**WHAT YOU NEED TO DO:** Every line from the one that contains "has_vector_derivative \<Gamma>' s)" to the end of the records must be restated word for word. No other line belongs in the answer.

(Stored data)
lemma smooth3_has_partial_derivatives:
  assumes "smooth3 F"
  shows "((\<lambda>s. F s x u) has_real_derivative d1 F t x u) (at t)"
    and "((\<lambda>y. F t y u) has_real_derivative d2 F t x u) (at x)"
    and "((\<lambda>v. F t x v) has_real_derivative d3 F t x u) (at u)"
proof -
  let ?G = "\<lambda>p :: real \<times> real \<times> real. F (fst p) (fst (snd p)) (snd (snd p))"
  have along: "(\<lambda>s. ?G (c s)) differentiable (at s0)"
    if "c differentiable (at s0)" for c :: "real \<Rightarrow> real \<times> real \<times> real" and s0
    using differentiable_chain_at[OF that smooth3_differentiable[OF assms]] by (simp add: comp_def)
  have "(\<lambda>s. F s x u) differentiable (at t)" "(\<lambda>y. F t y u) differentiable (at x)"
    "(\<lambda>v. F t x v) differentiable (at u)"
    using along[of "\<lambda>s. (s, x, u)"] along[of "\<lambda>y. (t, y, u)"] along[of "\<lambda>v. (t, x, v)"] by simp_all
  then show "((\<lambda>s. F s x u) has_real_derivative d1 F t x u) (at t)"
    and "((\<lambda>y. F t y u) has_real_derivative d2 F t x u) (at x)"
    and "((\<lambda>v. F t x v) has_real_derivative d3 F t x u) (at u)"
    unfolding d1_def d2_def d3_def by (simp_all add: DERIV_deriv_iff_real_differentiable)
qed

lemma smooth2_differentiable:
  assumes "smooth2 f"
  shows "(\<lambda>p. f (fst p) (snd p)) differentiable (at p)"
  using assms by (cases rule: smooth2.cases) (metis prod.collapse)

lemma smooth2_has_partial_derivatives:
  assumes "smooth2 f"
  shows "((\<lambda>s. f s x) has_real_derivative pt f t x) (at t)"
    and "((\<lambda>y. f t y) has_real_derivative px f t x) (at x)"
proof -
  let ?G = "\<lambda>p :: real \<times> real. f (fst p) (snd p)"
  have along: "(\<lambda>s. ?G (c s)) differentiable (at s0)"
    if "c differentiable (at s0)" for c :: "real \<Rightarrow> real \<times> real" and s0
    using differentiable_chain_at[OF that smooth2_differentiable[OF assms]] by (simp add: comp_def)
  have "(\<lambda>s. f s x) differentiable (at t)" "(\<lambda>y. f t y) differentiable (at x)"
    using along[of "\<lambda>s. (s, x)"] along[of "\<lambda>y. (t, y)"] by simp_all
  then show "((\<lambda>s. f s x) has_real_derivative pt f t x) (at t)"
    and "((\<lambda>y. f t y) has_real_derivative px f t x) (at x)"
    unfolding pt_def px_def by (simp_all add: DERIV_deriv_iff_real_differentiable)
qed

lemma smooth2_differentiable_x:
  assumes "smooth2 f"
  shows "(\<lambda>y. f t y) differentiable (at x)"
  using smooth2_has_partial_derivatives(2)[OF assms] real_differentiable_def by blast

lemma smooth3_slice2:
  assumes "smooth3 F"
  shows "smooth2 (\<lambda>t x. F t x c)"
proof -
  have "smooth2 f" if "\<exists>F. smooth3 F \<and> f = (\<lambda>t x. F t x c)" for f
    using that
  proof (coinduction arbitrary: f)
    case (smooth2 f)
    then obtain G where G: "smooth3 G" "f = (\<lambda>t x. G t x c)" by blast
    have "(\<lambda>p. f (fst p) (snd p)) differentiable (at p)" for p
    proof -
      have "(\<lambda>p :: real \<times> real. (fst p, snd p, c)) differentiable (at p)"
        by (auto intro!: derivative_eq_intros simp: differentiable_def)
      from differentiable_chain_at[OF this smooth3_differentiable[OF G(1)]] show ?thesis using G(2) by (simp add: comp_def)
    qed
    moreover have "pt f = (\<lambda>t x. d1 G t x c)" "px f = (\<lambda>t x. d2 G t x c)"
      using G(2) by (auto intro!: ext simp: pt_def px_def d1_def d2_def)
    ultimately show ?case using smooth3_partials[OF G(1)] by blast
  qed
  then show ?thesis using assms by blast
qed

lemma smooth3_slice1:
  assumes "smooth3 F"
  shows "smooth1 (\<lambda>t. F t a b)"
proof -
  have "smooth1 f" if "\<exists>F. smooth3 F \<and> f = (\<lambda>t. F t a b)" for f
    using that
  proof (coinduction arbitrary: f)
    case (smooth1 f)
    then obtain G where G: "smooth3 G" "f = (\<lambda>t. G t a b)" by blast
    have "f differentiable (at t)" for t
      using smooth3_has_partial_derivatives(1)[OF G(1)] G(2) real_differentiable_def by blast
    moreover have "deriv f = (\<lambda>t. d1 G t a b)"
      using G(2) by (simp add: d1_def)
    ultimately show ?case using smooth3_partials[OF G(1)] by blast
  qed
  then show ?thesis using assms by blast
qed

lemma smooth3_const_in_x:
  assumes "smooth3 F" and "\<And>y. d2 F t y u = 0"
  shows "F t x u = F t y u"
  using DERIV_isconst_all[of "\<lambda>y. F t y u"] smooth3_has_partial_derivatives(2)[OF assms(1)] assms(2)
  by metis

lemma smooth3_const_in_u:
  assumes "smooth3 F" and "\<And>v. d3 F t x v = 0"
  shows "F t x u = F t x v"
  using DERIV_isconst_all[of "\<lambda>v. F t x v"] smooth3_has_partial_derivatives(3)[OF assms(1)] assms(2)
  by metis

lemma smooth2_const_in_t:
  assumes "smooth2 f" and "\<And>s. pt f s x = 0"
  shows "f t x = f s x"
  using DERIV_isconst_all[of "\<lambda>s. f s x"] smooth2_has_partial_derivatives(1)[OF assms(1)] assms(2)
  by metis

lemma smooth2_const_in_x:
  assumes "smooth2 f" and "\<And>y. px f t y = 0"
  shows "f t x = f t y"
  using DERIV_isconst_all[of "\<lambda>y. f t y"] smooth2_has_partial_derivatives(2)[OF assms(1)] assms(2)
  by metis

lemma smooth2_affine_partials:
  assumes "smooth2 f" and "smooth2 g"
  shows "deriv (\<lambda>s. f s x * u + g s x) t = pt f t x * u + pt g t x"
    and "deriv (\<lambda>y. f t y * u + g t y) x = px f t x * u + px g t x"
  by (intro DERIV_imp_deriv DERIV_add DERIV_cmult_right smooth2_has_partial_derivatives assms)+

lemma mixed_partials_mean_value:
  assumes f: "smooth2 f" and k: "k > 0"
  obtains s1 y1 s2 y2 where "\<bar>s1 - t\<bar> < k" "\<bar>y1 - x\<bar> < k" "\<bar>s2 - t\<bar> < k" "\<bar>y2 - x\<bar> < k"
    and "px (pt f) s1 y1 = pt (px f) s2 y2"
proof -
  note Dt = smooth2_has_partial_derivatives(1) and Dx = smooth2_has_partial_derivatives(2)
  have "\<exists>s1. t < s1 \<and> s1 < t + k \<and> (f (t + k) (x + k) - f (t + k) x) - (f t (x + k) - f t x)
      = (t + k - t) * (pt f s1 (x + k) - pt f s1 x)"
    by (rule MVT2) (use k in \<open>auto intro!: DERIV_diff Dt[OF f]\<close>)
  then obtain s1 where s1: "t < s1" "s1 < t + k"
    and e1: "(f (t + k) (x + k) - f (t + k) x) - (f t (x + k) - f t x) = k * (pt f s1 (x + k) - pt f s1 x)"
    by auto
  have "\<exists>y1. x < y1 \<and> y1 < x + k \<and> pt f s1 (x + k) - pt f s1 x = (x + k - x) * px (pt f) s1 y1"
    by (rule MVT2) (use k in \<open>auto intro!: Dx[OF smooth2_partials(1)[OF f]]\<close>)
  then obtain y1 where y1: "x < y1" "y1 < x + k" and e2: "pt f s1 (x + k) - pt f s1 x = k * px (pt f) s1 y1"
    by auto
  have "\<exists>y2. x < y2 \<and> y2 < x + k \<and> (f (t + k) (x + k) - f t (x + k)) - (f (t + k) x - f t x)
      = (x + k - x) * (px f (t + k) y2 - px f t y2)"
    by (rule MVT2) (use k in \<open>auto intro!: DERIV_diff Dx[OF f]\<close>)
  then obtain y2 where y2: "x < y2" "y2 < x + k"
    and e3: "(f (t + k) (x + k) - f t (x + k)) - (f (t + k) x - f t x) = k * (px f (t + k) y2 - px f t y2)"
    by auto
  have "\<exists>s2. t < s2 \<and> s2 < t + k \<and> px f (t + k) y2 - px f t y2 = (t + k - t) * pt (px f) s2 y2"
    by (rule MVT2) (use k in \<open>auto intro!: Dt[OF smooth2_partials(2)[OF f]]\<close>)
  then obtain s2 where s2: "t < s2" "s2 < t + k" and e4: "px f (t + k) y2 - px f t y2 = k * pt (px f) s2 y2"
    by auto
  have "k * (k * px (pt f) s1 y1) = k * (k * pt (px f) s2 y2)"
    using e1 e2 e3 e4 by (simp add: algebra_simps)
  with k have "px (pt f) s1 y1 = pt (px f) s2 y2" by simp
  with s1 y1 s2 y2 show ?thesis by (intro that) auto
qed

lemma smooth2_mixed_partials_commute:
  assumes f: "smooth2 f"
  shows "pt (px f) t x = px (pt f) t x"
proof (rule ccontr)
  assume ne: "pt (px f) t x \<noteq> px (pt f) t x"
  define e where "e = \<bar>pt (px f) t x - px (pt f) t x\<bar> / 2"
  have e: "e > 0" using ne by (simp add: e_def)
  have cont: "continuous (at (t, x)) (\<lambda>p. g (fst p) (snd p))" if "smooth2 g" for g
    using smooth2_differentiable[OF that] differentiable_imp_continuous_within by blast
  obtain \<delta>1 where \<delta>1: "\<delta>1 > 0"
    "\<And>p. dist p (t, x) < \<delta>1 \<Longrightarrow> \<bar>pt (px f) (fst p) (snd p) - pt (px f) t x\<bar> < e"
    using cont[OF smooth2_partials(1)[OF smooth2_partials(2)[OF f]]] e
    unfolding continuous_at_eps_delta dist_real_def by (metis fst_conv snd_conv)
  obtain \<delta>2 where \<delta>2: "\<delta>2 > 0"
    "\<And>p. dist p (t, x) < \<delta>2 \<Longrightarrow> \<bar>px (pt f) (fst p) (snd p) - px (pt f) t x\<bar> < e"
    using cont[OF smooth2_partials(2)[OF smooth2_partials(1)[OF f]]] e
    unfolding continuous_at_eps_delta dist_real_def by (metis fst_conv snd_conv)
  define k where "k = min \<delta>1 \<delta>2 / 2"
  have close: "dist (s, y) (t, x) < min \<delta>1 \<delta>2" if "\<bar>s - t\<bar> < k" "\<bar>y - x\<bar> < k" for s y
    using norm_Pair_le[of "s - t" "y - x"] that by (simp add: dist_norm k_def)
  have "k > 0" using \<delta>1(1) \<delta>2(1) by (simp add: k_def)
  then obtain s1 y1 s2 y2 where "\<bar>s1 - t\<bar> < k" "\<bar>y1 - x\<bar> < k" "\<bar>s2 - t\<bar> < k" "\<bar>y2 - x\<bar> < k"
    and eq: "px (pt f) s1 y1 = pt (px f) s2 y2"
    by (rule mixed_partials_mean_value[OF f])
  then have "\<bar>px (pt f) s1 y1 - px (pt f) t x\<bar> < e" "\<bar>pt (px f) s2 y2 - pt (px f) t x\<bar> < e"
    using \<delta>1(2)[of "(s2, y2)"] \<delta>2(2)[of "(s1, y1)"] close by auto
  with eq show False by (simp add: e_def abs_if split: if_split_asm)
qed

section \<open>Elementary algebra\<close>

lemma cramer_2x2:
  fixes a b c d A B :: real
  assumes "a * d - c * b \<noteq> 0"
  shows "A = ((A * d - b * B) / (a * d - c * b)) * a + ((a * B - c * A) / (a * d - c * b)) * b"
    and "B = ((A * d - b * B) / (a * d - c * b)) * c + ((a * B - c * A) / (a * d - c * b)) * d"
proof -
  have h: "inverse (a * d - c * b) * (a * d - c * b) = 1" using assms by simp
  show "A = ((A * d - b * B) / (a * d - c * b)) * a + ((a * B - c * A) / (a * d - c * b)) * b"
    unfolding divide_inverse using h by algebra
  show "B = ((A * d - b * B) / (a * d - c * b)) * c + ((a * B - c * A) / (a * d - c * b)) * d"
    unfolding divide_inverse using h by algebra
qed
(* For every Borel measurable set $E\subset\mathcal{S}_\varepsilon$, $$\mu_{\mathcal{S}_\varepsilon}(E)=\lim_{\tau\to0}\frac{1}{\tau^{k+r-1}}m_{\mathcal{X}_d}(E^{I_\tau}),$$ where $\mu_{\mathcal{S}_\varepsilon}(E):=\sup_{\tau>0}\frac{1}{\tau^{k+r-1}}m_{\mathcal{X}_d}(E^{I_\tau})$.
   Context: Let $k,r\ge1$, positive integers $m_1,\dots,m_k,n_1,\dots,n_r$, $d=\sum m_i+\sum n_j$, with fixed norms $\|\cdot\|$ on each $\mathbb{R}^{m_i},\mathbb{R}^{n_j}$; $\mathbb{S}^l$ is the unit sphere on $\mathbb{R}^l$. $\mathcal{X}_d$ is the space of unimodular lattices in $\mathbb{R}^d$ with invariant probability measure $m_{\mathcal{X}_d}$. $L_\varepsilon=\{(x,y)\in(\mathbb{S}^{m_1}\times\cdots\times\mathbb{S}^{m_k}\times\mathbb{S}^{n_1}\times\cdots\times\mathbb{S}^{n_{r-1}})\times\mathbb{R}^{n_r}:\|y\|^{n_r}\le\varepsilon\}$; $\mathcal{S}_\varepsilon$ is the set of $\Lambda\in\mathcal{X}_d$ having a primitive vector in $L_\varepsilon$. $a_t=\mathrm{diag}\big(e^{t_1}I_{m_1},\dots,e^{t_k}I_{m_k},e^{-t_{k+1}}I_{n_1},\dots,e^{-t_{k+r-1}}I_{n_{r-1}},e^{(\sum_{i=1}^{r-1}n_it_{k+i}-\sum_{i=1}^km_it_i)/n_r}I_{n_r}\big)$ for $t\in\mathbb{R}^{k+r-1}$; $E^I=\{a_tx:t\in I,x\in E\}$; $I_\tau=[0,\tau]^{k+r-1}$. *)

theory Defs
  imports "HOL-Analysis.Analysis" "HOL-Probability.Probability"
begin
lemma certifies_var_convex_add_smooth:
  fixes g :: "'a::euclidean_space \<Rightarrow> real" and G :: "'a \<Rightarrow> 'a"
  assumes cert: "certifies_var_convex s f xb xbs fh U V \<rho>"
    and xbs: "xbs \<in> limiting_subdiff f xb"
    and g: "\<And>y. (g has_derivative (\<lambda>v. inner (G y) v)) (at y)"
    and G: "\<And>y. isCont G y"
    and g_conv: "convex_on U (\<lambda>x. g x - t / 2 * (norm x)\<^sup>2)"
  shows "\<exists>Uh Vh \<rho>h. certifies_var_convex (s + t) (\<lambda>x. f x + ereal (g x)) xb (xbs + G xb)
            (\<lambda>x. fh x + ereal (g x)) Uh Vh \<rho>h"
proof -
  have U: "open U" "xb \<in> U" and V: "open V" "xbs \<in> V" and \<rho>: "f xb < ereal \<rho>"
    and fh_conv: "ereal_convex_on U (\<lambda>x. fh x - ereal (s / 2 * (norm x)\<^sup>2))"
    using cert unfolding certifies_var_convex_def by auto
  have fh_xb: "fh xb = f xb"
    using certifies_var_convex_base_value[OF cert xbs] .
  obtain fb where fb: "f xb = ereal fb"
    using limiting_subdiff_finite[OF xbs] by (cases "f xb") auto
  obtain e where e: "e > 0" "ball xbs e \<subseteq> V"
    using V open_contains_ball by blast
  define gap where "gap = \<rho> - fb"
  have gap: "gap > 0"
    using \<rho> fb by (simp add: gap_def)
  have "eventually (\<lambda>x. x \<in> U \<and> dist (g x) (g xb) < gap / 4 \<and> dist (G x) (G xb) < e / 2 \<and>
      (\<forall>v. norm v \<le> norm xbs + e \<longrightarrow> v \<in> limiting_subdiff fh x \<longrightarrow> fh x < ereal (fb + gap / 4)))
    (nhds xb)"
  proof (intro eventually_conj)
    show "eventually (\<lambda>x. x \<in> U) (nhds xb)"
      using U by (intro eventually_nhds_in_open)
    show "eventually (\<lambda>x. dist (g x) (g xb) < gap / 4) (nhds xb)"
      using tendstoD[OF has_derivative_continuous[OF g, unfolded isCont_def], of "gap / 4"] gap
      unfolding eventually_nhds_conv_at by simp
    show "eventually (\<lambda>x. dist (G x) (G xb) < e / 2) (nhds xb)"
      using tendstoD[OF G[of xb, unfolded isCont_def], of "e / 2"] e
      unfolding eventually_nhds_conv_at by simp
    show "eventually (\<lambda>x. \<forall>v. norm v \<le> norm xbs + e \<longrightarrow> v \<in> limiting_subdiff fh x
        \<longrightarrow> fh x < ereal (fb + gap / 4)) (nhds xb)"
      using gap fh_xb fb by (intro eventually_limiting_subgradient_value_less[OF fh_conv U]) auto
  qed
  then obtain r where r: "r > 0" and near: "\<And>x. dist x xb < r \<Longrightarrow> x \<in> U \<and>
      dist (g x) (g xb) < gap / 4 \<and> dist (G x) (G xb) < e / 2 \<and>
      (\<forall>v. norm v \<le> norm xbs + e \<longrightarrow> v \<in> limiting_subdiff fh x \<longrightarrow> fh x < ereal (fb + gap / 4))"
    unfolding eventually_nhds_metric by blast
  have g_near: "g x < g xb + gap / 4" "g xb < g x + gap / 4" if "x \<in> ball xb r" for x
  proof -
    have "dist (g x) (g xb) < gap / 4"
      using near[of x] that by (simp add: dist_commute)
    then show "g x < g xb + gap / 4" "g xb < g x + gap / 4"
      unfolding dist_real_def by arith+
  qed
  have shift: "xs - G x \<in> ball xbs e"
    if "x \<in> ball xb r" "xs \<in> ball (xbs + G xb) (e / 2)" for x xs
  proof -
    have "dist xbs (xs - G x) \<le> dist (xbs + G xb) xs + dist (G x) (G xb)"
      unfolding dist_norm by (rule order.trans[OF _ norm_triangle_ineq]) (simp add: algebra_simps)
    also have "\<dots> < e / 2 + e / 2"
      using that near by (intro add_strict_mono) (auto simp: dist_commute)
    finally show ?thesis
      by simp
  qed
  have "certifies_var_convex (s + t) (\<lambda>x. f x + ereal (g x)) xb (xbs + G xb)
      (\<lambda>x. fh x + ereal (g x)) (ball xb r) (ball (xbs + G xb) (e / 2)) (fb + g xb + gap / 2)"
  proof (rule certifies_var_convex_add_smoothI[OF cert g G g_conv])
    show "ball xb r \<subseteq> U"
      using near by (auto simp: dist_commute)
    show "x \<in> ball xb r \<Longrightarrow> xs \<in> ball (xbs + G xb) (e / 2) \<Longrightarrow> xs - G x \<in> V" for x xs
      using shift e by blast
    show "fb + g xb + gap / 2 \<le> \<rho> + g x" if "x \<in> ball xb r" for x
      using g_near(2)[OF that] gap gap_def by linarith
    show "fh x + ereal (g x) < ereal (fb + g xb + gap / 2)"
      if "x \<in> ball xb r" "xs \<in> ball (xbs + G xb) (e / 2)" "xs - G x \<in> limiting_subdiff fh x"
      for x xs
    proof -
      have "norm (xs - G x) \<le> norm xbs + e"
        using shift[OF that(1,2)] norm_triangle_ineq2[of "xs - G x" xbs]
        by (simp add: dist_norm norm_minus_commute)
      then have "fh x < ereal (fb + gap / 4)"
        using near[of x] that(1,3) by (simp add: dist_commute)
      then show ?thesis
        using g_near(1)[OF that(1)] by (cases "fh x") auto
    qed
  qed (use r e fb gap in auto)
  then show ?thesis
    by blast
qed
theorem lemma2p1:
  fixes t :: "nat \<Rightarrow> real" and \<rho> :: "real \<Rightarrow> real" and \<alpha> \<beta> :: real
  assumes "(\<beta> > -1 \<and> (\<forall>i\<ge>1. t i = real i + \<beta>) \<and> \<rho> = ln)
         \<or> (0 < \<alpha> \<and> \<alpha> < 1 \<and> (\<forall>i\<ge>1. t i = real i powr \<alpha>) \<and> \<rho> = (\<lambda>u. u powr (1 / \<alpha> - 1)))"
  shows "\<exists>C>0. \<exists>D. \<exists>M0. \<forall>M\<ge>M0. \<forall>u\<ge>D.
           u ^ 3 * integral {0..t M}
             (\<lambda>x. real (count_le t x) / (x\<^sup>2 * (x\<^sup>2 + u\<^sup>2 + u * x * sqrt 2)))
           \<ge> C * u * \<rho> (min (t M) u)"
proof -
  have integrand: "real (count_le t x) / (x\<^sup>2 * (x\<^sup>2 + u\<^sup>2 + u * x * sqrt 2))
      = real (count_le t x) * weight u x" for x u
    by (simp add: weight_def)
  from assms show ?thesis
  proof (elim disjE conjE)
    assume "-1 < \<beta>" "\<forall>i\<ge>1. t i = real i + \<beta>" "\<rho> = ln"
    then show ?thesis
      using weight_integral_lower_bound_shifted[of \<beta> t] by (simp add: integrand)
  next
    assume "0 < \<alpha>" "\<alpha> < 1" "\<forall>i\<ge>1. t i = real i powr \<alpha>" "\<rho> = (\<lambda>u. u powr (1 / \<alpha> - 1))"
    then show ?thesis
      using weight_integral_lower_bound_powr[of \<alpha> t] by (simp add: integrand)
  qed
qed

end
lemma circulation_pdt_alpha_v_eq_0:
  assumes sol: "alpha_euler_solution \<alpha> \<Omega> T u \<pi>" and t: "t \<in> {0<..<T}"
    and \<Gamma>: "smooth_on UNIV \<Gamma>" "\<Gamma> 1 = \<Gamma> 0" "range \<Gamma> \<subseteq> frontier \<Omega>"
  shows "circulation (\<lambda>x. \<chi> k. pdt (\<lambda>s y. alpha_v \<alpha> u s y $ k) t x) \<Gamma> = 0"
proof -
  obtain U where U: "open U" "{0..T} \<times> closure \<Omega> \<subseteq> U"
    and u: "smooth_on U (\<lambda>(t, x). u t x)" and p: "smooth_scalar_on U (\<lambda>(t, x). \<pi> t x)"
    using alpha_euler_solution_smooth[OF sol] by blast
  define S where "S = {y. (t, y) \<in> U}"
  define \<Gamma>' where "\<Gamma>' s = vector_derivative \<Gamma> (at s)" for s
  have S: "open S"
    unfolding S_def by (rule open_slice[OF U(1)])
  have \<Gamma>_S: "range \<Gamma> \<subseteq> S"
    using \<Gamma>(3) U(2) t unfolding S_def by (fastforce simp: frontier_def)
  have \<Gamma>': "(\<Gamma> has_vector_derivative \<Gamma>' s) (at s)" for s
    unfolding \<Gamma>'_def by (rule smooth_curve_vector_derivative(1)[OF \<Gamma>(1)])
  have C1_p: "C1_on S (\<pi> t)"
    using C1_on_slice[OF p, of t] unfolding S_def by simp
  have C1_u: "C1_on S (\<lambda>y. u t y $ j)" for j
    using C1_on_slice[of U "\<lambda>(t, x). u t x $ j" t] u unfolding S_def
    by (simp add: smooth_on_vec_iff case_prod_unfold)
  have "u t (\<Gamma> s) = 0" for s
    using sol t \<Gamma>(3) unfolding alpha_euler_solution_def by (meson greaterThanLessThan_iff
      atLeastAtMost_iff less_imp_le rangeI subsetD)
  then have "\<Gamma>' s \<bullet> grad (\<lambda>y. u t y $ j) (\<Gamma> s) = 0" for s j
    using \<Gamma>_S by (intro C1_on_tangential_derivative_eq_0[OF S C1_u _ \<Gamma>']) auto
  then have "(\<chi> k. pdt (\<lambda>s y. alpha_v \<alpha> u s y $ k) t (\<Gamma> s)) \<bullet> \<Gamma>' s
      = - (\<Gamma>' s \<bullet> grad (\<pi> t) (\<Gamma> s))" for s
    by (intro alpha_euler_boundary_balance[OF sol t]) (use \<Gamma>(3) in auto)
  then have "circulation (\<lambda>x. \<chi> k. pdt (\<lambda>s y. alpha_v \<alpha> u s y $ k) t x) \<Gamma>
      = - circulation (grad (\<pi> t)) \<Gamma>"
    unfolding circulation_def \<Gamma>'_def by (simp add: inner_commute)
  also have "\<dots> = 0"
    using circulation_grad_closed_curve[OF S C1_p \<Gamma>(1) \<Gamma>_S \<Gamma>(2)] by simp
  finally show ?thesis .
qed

**RESULT OF THE TASK:**
  have \<Gamma>': "(\<Gamma> has_vector_derivative \<Gamma>' s) (at s)" for s
    unfolding \<Gamma>'_def by (rule smooth_curve_vector_derivative(1)[OF \<Gamma>(1)])
  have C1_p: "C1_on S (\<pi> t)"
    using C1_on_slice[OF p, of t] unfolding S_def by simp
  have C1_u: "C1_on S (\<lambda>y. u t y $ j)" for j
    using C1_on_slice[of U "\<lambda>(t, x). u t x $ j" t] u unfolding S_def
    by (simp add: smooth_on_vec_iff case_prod_unfold)
  have "u t (\<Gamma> s) = 0" for s
    using sol t \<Gamma>(3) unfolding alpha_euler_solution_def by (meson greaterThanLessThan_iff
      atLeastAtMost_iff less_imp_le rangeI subsetD)
  then have "\<Gamma>' s \<bullet> grad (\<lambda>y. u t y $ j) (\<Gamma> s) = 0" for s j
    using \<Gamma>_S by (intro C1_on_tangential_derivative_eq_0[OF S C1_u _ \<Gamma>']) auto
  then have "(\<chi> k. pdt (\<lambda>s y. alpha_v \<alpha> u s y $ k) t (\<Gamma> s)) \<bullet> \<Gamma>' s
      = - (\<Gamma>' s \<bullet> grad (\<pi> t) (\<Gamma> s))" for s
    by (intro alpha_euler_boundary_balance[OF sol t]) (use \<Gamma>(3) in auto)
  then have "circulation (\<lambda>x. \<chi> k. pdt (\<lambda>s y. alpha_v \<alpha> u s y $ k) t x) \<Gamma>
      = - circulation (grad (\<pi> t)) \<Gamma>"
    unfolding circulation_def \<Gamma>'_def by (simp add: inner_commute)
  also have "\<dots> = 0"
    using circulation_grad_closed_curve[OF S C1_p \<Gamma>(1) \<Gamma>_S \<Gamma>(2)] by simp
  finally show ?thesis .
qed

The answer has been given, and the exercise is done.